A will avoids probate.Correct: A will still goes through probate. A trust avoids probate by design.

Once you write a will, you never update it.Correct: Wills and trusts should be reviewed every 3–5 years or after major life events (marriage, divorce, new children).

Your spouse automatically inherits everything.Correct: Without clear documents, state law decides — and it varies widely. Even spouses may face delays and disputes.

05

FAQ

What is estate planning?

Estate planning is creating a legal framework (will, trust, POA, healthcare directive) that dictates how your assets are distributed and who makes decisions if you're incapacitated — ensuring your wishes are honored.
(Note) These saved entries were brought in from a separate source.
lemma fmono_in_HH: "m \<in> fmonos n p k \<Longrightarrow> fmono m \<in> HH n p k"
  unfolding HH_def by (rule lin_span_superset) simp

lemma HHl_subset_HH: "HHl n p l k \<subseteq> HH n p k"
  unfolding HHl_def HH_def by (rule lin_span_mono) auto

lemma HHl_antimono: "l' \<le> l \<Longrightarrow> HHl n p l k \<subseteq> HHl n p l' k"
  unfolding HHl_def by (rule lin_span_mono) auto

lemma HH_image_subset:
  assumes "flinear L" "fsubspace U" "\<And>a s. (a, s) \<in> fmonos n p k \<Longrightarrow> L (fmono (a, s)) \<in> U"
  shows "L ` HH n p k \<subseteq> U"
  unfolding HH_def by (rule flinear_image_lin_span[OF assms(1,2)]) (use assms(3) in auto)

lemma HH_flinear_eq:
  assumes "flinear L1" "flinear L2"
    and "\<And>a s. (a, s) \<in> fmonos n p k \<Longrightarrow> L1 (fmono (a, s)) = L2 (fmono (a, s))"
    and "w \<in> HH n p k"
  shows "L1 w = L2 w"
  using assms(4) unfolding HH_def
  by (rule flinear_eq_on_lin_span[OF assms(1,2), rotated 2]) (use assms(3) in auto)

lemma kappa_in_HH:
  assumes "w \<in> HH n p k"
  shows "kappa w \<in> HH n (p + 1) (k - 1)"
proof -
  have "kappa (fmono (a, s)) \<in> HH n (p + 1) (k - 1)" if "(a, s) \<in> fmonos n p k" for a s
    unfolding kappa_fmono
    by (rule fsubspace_sum[OF fsubspace_HH fmonosD(5)[OF that]], rule fmono_in_HH[OF fmonos_kappa_term[OF that]])
  then show ?thesis
    using HH_image_subset[OF flinear_kappa fsubspace_HH] assms by blast
qed

lemma dext_in_HH:
  assumes "w \<in> HH n p k"
  shows "dext n w \<in> HH n (p - 1) (k + 1)"
proof -
  have "dext n (fmono (a, s)) \<in> HH n (p - 1) (k + 1)" if "(a, s) \<in> fmonos n p k" for a s
    unfolding dext_fmono
  proof (rule fsubspace_sum[OF fsubspace_HH])
    fix j assume j: "j \<in> {1..n} - s" "real (a j) * shuffle_sign s j \<noteq> 0"
    then have "a j \<noteq> 0"
      by auto
    then show "fmono (a(j := a j - 1), insert j s) \<in> HH n (p - 1) (k + 1)"
      by (rule fmono_in_HH[OF fmonos_dext_term[OF that j(1)]])
  qed simp
  then show ?thesis
    using HH_image_subset[OF flinear_dext fsubspace_HH] assms by blast
qed

lemma homotopy_HH:
  assumes "w \<in> HH n p k"
  shows "fadd (kappa (dext n w)) (dext n (kappa w)) = fscale (real p + of_int k) w"
proof (rule HH_flinear_eq[OF _ flinear_fscale_map _ assms])
  show "flinear (\<lambda>w. fadd (kappa (dext n w)) (dext n (kappa w)))"
    by (rule flinear_plus[OF flinear_comp[OF flinear_kappa flinear_dext]
          flinear_comp[OF flinear_dext flinear_kappa]])
  fix a s assume m: "(a, s) \<in> fmonos n p k"
  show "fadd (kappa (dext n (fmono (a, s)))) (dext n (kappa (fmono (a, s))))
      = fscale (real p + of_int k) (fmono (a, s))"
    unfolding fmonosD(3,4)[OF m, symmetric] homotopy_fmono[OF fmonosD(1)[OF m]] by simp
qed

lemma kappa_kappa_HH: "w \<in> HH n p k \<Longrightarrow> kappa (kappa w) = fzero"
  by (rule HH_flinear_eq[OF flinear_comp[OF flinear_kappa flinear_kappa] flinear_fzero_map])
    (auto simp: kappa_kappa_fmono dest: fmonosD)

lemma dext_dext_HH: "w \<in> HH n p k \<Longrightarrow> dext n (dext n w) = fzero"
  by (rule HH_flinear_eq[OF flinear_comp[OF flinear_dext flinear_dext] flinear_fzero_map])
    (auto simp: dext_dext_fmono)

lemma kappa_dext_kappa_HH:
  assumes h: "h \<in> HH n p k"
  shows "kappa (dext n (kappa h)) = fscale (real p + of_int k) (kappa h)"
proof -
  have dh: "dext n h \<in> HH n (p - 1) (k + 1)"
    using dext_in_HH[OF h] .
  have "kappa (fadd (kappa (dext n h)) (dext n (kappa h)))
      = fadd (kappa (kappa (dext n h))) (kappa (dext n (kappa h)))"
    by (rule flinear_fadd[OF flinear_kappa flinear_fin_supp[OF flinear_kappa]
          flinear_fin_supp[OF flinear_dext]])
      (use fsubspace_fin_supp[OF fsubspace_HH] h dh flinear_fin_supp[OF flinear_kappa] in blast)+
  also have "kappa (kappa (dext n h)) = fzero"
    using kappa_kappa_HH[OF dh] .
  finally show ?thesis
    unfolding homotopy_HH[OF h]
    using flinear_fscale[OF flinear_kappa fsubspace_fin_supp[OF fsubspace_HH h]] by simp
qed

lemma fsubspace_fscale_cancel: "fsubspace U \<Longrightarrow> c \<noteq> 0 \<Longrightarrow> fscale c w \<in> U \<Longrightarrow> w \<in> U"
  using fsubspace_fscale[of U "fscale c w" "1 / c"] by (simp add: fscale_def)

lemma fmonos_outside_range:
  assumes "k < 0 \<or> int n < k"
  shows "fmonos n p k = {}"
proof (rule equals0I)
  fix m assume "m \<in> fmonos n p k"
  moreover obtain a s where m: "m = (a, s)"
    by (cases m)
  ultimately have "(a, s) \<in> fmonos n p k"
    by simp
  then have "s \<subseteq> {1..n}" "int (card s) = k"
    by (rule fmonosD)+
  moreover have "card s \<le> n"
    using card_mono[OF finite_atLeastAtMost \<open>s \<subseteq> {1..n}\<close>] by simp
  ultimately show False
    using assms by linarith
qed

lemma HH_outside_range: "k < 0 \<or> int n < k \<Longrightarrow> HH n p k = {fzero}"
  unfolding HH_def by (simp add: fmonos_outside_range lin_span_empty)

lemma kappa_HH_0: "w \<in> HH n p 0 \<Longrightarrow> kappa w = fzero"
proof (rule HH_flinear_eq[OF flinear_kappa flinear_fzero_map])
  fix a s assume "(a, s) \<in> fmonos n p 0"
  then have "s = {}"
    using fmonosD(4,5) by fastforce
  then show "kappa (fmono (a, s)) = fzero"
    by (simp add: kappa_fmono fzero_def)
qed

section \<open>Serendipity spaces\<close>

lemma PP_generators_fin_supp: "g \<in> (\<Union>j\<in>{0..r}. HH n j k) \<Longrightarrow> fin_supp g"
  using fsubspace_fin_supp[OF fsubspace_HH] by blast

lemma JJ_generators_fin_supp: "g \<in> (\<Union>l\<in>{1..}. kappa ` HHl n (r + l - 1) l (k + 1)) \<Longrightarrow> fin_supp g"
  using HHl_subset_HH fsubspace_fin_supp[OF fsubspace_HH] flinear_fin_supp[OF flinear_kappa] by blast

lemma fsubspace_PP: "fsubspace (PP n r k)"
  unfolding PP_def using PP_generators_fin_supp by (rule lin_span_fsubspace)

lemma fsubspace_JJ: "fsubspace (JJ n r k)"
  unfolding JJ_def using JJ_generators_fin_supp by (rule lin_span_fsubspace)

lemma fsubspace_SS: "fsubspace (SS n r k)"
  unfolding SS_def
  by (intro fsubspace_ssum fsubspace_PP fsubspace_JJ fsubspace_image[OF flinear_dext])

lemma fsubspace_SSm: "fsubspace (SSm n r k)"
  unfolding SSm_def by (intro fsubspace_ssum fsubspace_SS fsubspace_image[OF flinear_kappa])

lemma PP_image_subset:
  assumes "flinear L" "fsubspace U" "\<And>j w. j \<le> r \<Longrightarrow> w \<in> HH n j k \<Longrightarrow> L w \<in> U"
  shows "L ` PP n r k \<subseteq> U"
  unfolding PP_def
  by (rule flinear_image_lin_span[OF assms(1,2) PP_generators_fin_supp]) (use assms(3) in auto)

lemma JJ_image_subset:
  assumes "flinear L" "fsubspace U"
    and "\<And>l h. 1 \<le> l \<Longrightarrow> h \<in> HHl n (r + l - 1) l (k + 1) \<Longrightarrow> L (kappa h) \<in> U"
  shows "L ` JJ n r k \<subseteq> U"
  unfolding JJ_def
  by (rule flinear_image_lin_span[OF assms(1,2) JJ_generators_fin_supp]) (use assms(3) in auto)

lemma SS_image_subset:
  assumes L: "flinear L" and U: "fsubspace U"
    and "L ` PP n r k \<subseteq> U" "L ` JJ n r k \<subseteq> U" "L ` dext n ` JJ n (r + 1) (k - 1) \<subseteq> U"
  shows "L ` SS n r k \<subseteq> U"
  unfolding SS_def
  by (intro flinear_image_ssum[OF L U] fsubspace_ssum fsubspace_PP fsubspace_JJ
      fsubspace_image[OF flinear_dext] assms(3-5))

lemma HH_in_PP: "j \<le> r \<Longrightarrow> w \<in> HH n j k \<Longrightarrow> w \<in> PP n r k"
  unfolding PP_def by (rule lin_span_superset) auto

lemma kappa_HHl_in_JJ: "1 \<le> l \<Longrightarrow> h \<in> HHl n (r + l - 1) l (k + 1) \<Longrightarrow> kappa h \<in> JJ n r k"
  unfolding JJ_def by (rule lin_span_superset) auto

lemma PP_subset_SS: "PP n r k \<subseteq> SS n r k"
  and JJ_subset_SS: "JJ n r k \<subseteq> SS n r k"
  and dext_JJ_subset_SS: "dext n ` JJ n (r + 1) (k - 1) \<subseteq> SS n r k"
  unfolding SS_def
  by (meson fsubspace_fzero fsubspace_image fsubspace_JJ fsubspace_PP fsubspace_ssum flinear_dext
      ssum_upper1 ssum_upper2 subset_trans)+

lemma HH_in_SS: "j \<le> r \<Longrightarrow> w \<in> HH n j k \<Longrightarrow> w \<in> SS n r k"
  using HH_in_PP PP_subset_SS by blast

lemma SS_outside_range:
  assumes "k < 0 \<or> int n < k"
  shows "SS n p k = {fzero}"
proof -
  have PP: "PP n p k \<subseteq> {fzero}"
    using PP_image_subset[OF flinear_id fsubspace_fzero_only, of p n k] HH_outside_range[OF assms]
    by simp
  have JJ: "JJ n p' k' \<subseteq> {fzero}" if "k' < 0 \<or> int n \<le> k'" for p' k'
  proof -
    have "kappa h = fzero" if "h \<in> HH n q (k' + 1)" for q h
    proof (cases "k' + 1 = 0")
      case True
      then show ?thesis
        using kappa_HH_0 that by simp
    next
      case False
      then have "h = fzero"
        using that HH_outside_range[of "k' + 1" n q] \<open>k' < 0 \<or> int n \<le> k'\<close> by auto
      then show ?thesis
        by (simp add: flinear_fzero[OF flinear_kappa])
    qed
    then show ?thesis
      using JJ_image_subset[OF flinear_id fsubspace_fzero_only] HHl_subset_HH by blast
  qed
  have "k - 1 < 0 \<or> int n \<le> k - 1" "k < 0 \<or> int n \<le> k"
    using assms by linarith+
  then have "dext n ` JJ n (p + 1) (k - 1) \<subseteq> {fzero}" "JJ n p k \<subseteq> {fzero}"
    using JJ flinear_fzero[OF flinear_dext] by blast+
  then have "SS n p k \<subseteq> {fzero}"
    using SS_image_subset[OF flinear_id fsubspace_fzero_only, of n p k] PP by simp
  then show ?thesis
    using fsubspace_fzero[OF fsubspace_SS] by blast
qed

lemma JJ_generator_in_HH_or_JJ_Suc:
  assumes l: "1 \<le> l" and h: "h \<in> HHl n (q + l - 1) l (k + 1)"
  shows "kappa h \<in> HH n (Suc q) k \<or> kappa h \<in> JJ n (Suc q) k"
proof (cases "l = 1")
  case True
  then have "h \<in> HH n q (k + 1)"
    using h HHl_subset_HH by fastforce
  then show ?thesis
    using kappa_in_HH by fastforce
next
  case False
  then have "h \<in> HHl n (Suc q + (l - 1) - 1) (l - 1) (k + 1)"
    using h HHl_antimono[of "l - 1" l] l by (auto simp: Suc_diff_le)
  then show ?thesis
    using kappa_HHl_in_JJ[of "l - 1"] False l by auto
qed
What documents do I need for estate planning?

Typically a will (or trust), durable power of attorney (finances), healthcare power of attorney (medical), living will/advance directive (end-of-life wishes), and possibly a HIPAA authorization.

What is the difference between a will and a trust?

A will goes through probate (court) and is public; a trust avoids probate, stays private, and functions even if you're incapacitated. Trusts are generally preferred.

When should I start estate planning?

As soon as you have assets or dependents — even young people with little wealth. A basic plan protects your family and is inexpensive.